Things are awesome now. People are landing rockets on boats to re-use them so even rural people can have super-fast internet soon. You can buy solar panels and use them to partially power your own house. Take that energy companies! There are a bazillion channels of entertainment in superb picture quality, and endless fun entertainment on youtube for everyone. You can make and sell video games FROM YOUR HOME, and you can learn how to do it from home too, for free.

And yes… believe it or not, you likely live in a society that is WAY less sexist, WAY less racist and WAY more accepting of people of all kinds than twenty or thirty years ago. Its telling that its totally unacceptable for me to even mention the derogatory words used for people of color routinely when I was a child. Sure, sexist, racist and transphobic people exist, but oh my god, the progress on these issues has been amazing.

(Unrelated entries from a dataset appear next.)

definition optimal :: "real \<Rightarrow> nat \<Rightarrow> nat \<Rightarrow> (nat \<Rightarrow> nat) \<Rightarrow> (nat \<Rightarrow> nat) \<Rightarrow> (nat \<Rightarrow> nat) \<Rightarrow> bool" where
  "optimal e T n r dl s \<longleftrightarrow> assignment n r dl s \<and>
     (\<forall>s'. assignment n r dl s' \<longrightarrow> total_cost e T n s \<le> total_cost e T n s')"

end

theory Submission
  imports Defs
begin

text \<open>Charge every job the share \<open>L powr (e - 1)\<close> of the cost \<open>L powr e\<close> of its slot,
  \<open>L\<close> being the load of that slot, so that \<open>C(s)\<close> is the sum of all shares. Fix a slot \<open>u\<close>
  of the comparison assignment and the \<open>m\<close> jobs it serves; all of them could move to \<open>u\<close>.
  Those sitting on slots of load at least \<open>sqrt m\<close> pay at most \<open>m * sqrt m powr (e - 1)\<close>
  together. In a Nash equilibrium the loads of their slots strictly increase away from \<open>u\<close>,
  so at most \<open>2 sqrt m + 1\<close> of these slots have load below \<open>sqrt m\<close>, each collecting at
  most \<open>sqrt m powr e\<close>. The group thus pays at most \<open>4 m powr ((1 + e) / 2)\<close>, which is
  at most \<open>4 n powr ((1 - e) / 2) * m powr e\<close>; summing over \<open>u\<close> gives the bound with
  \<open>K = 4\<close>.\<close>

definition cost_share :: "real \<Rightarrow> nat \<Rightarrow> (nat \<Rightarrow> nat) \<Rightarrow> nat \<Rightarrow> real" where
  "cost_share e n s j = real (load n s (s j)) powr (e - 1)"

lemma load_pos: "j < n \<Longrightarrow> 0 < load n s (s j)"
  unfolding load_def by (subst card_gt_0_iff) auto

lemma load_le: "load n s t \<le> n"
  unfolding load_def using card_mono[of "{..<n}" "{j. j < n \<and> s j = t}"] by auto

lemma sum_cost_share_slot:
  "(\<Sum>j | j < n \<and> s j = t. cost_share e n s j) = cost e (load n s t)"
proof -
  have "(\<Sum>j | j < n \<and> s j = t. cost_share e n s j)
      = (\<Sum>j | j < n \<and> s j = t. real (load n s t) powr (e - 1))"
    unfolding cost_share_def by (rule sum.cong) auto
  also have "\<dots> = real (load n s t) * real (load n s t) powr (e - 1)"
    by (simp add: load_def)
  also have "\<dots> = cost e (load n s t)"
    unfolding cost_def by (simp add: powr_mult_base)
  finally show ?thesis .
qed

lemma sum_cost_share_slot_le:
  assumes "X \<subseteq> {j. j < n \<and> s j = t}"
  shows "(\<Sum>j\<in>X. cost_share e n s j) \<le> real (load n s t) powr e"
proof -
  have "(\<Sum>j\<in>X. cost_share e n s j) \<le> (\<Sum>j | j < n \<and> s j = t. cost_share e n s j)"
    using assms by (intro sum_mono2) (auto simp: cost_share_def)
  then show ?thesis by (simp add: sum_cost_share_slot cost_def)
qed

lemma total_cost_eq_sum_cost_share:
  assumes "\<And>j. j < n \<Longrightarrow> s j \<in> {1..T}"
  shows "total_cost e T n s = (\<Sum>j<n. cost_share e n s j)"
proof -
  have "s ` {..<n} \<subseteq> {1..T}" using assms by auto
  then have "(\<Sum>j<n. cost_share e n s j) = (\<Sum>t = 1..T. \<Sum>j | j < n \<and> s j = t. cost_share e n s j)"
    using sum.group[of "{..<n}" "{1..T}" s "cost_share e n s"] by simp
  then show ?thesis unfolding total_cost_def by (simp add: sum_cost_share_slot)
qed

lemma nash_eq_load_less:
  assumes "nash_eq e n r dl s" "e < 1" "j < n" "r j \<le> t" "t < dl j" "t \<noteq> s j"
  shows "load n s t < load n s (s j)"
proof (rule ccontr)
  let ?a = "real (load n s (s j))" and ?b = "real (load n s t + 1)"
  assume "\<not> ?thesis"
  then have "?a < ?b" by simp
  moreover have "0 < ?a" using load_pos assms(3) by simp
  ultimately have "?b powr (e - 1) < ?a powr (e - 1)"
    using assms(2) by (intro powr_less_mono2_neg) auto
  moreover have "?a powr e / ?a \<le> ?b powr e / ?b"
    using assms unfolding nash_eq_def cost_def by blast
  then have "?a powr (e - 1) \<le> ?b powr (e - 1)"
    using \<open>0 < ?a\<close> by (simp add: powr_diff)
  ultimately show False by simp
qed

lemma nash_eq_card_low_load_slots:
  assumes ne: "nash_eq e n r dl s" "e < 1"
    and J: "\<And>j. j \<in> J \<Longrightarrow> j < n \<and> r j \<le> u \<and> u < dl j"
  shows "card {t \<in> s ` J. load n s t \<le> k} \<le> 2 * k + 1"
proof -
  define S where "S = {t \<in> s ` J. load n s t \<le> k}"
  define R where "R = {t \<in> S. u < t}"
  define Q where "Q = {t \<in> S. t < u}"
  have "finite J" using J by (meson finite_lessThan finite_subset lessThan_iff subsetI)
  then have finS: "finite S" unfolding S_def by simp
  have "assignment n r dl s" using ne unfolding nash_eq_def by blast
  then have between: "load n s t < load n s (s j)"
    if "j \<in> J" "min u (s j) \<le> t" "t \<le> max u (s j)" "t \<noteq> s j" for j t
    using that J[OF that(1)] by (intro nash_eq_load_less[OF ne]) (auto simp: assignment_def)
  have "load n s t \<in> {1..k}" if "t \<in> S" for t
  proof -
    obtain j where "j \<in> J" "t = s j" "load n s t \<le> k" using \<open>t \<in> S\<close> unfolding S_def by auto
    then show ?thesis using J load_pos[of j n s] by (auto simp: Suc_le_eq)
  qed
  then have loads: "load n s ` X \<subseteq> {1..k}" if "X \<subseteq> S" for X
    using that by auto
  have "inj_on (load n s) R"
  proof (rule linorder_inj_onI')
    fix t t' assume "t \<in> R" "t' \<in> R" "t < t'"
    then obtain j where "j \<in> J" "s j = t'" "u < t" unfolding R_def S_def by auto
    then show "load n s t \<noteq> load n s t'"
      using between[of j t] \<open>t < t'\<close> by auto
  qed
  then have "card R \<le> k"
    using card_inj_on_le[of "load n s" R "{1..k}"] loads[of R] by (auto simp: R_def)
  moreover have "inj_on (load n s) Q"
  proof (rule linorder_inj_onI')
    fix t t' assume "t \<in> Q" "t' \<in> Q" "t < t'"
    then obtain j where "j \<in> J" "s j = t" "t' < u" unfolding Q_def S_def by auto
    then show "load n s t \<noteq> load n s t'"
      using between[of j t'] \<open>t < t'\<close> by auto
  qed
  then have "card Q \<le> k"
    using card_inj_on_le[of "load n s" Q "{1..k}"] loads[of Q] by (auto simp: Q_def)
  moreover have "card S \<le> card {u} + card R + card Q"
  proof -
    have "S \<subseteq> {u} \<union> R \<union> Q" unfolding R_def Q_def by auto
    then have "card S \<le> card ({u} \<union> R \<union> Q)"
      using finS by (intro card_mono) (auto simp: R_def Q_def)
    also have "\<dots> \<le> card {u} + card R + card Q"
      by (metis card_Un_le add_le_mono1 le_trans)
    finally show ?thesis .
  qed
  ultimately show ?thesis unfolding S_def by simp
qed

lemma powr_one_plus_half_le:
  fixes x y e :: real
  assumes "0 \<le> x" "x \<le> y" "e \<le> 1"
  shows "x powr ((1 + e) / 2) \<le> y powr ((1 - e) / 2) * x powr e"
proof (cases "x = 0")
  case False
  have "x powr ((1 + e) / 2) = x powr ((1 - e) / 2) * x powr e"
    by (simp add: powr_add[symmetric] add_divide_distrib diff_divide_distrib add.commute)
  also have "\<dots> \<le> y powr ((1 - e) / 2) * x powr e"
    using assms by (intro mult_right_mono powr_mono2) auto
  finally show ?thesis .
qed simp

lemma sum_cost_share_high_load_le:
  assumes "finite J" "e \<le> 1" "0 < lam"
  shows "(\<Sum>j\<in>{j \<in> J. lam \<le> real (load n s (s j))}. cost_share e n s j)
    \<le> real (card J) * lam powr (e - 1)"
proof -
  have "(\<Sum>j\<in>{j \<in> J. lam \<le> real (load n s (s j))}. cost_share e n s j)
      \<le> real (card {j \<in> J. lam \<le> real (load n s (s j))}) * lam powr (e - 1)"
    using assms unfolding cost_share_def by (intro sum_bounded_above powr_mono2') auto
  also have "\<dots> \<le> real (card J) * lam powr (e - 1)"
    using assms(1) by (intro mult_right_mono) (auto simp: card_mono)
  finally show ?thesis .
qed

But lastly, the thing that REALLY annoys me is that saying ‘hey, life is pretty cool isn’t it’ is something you will get ABUSE for posting on twitter. Its literally described as a ‘bad take‘. This is fucked up. People are so obsessed with doomscrolling and ‘calling out’ and hurling abuse they are actually subconciously banishing positivity from their lifes. This is nuts.

So yeah, life is good. Not perfect, but then it never was and never will be, but life is good. Dont be afraid to think it, or say it, or even tweet it. Its not a ‘bad take’ if its what you think.

Heres a final feel-good thingy. I love solar panels, and I like doing the odd charity thing. We just handed over a check for £10k (yes an actual check!) to our local primary school (which has an eco-school group and have been protesting about climate change), so they could have 32 solar panels installed on the roof. They gave me this cool certificate :D. I’ll take some drone pics of the fitting of them in a month or two when they get installed :D.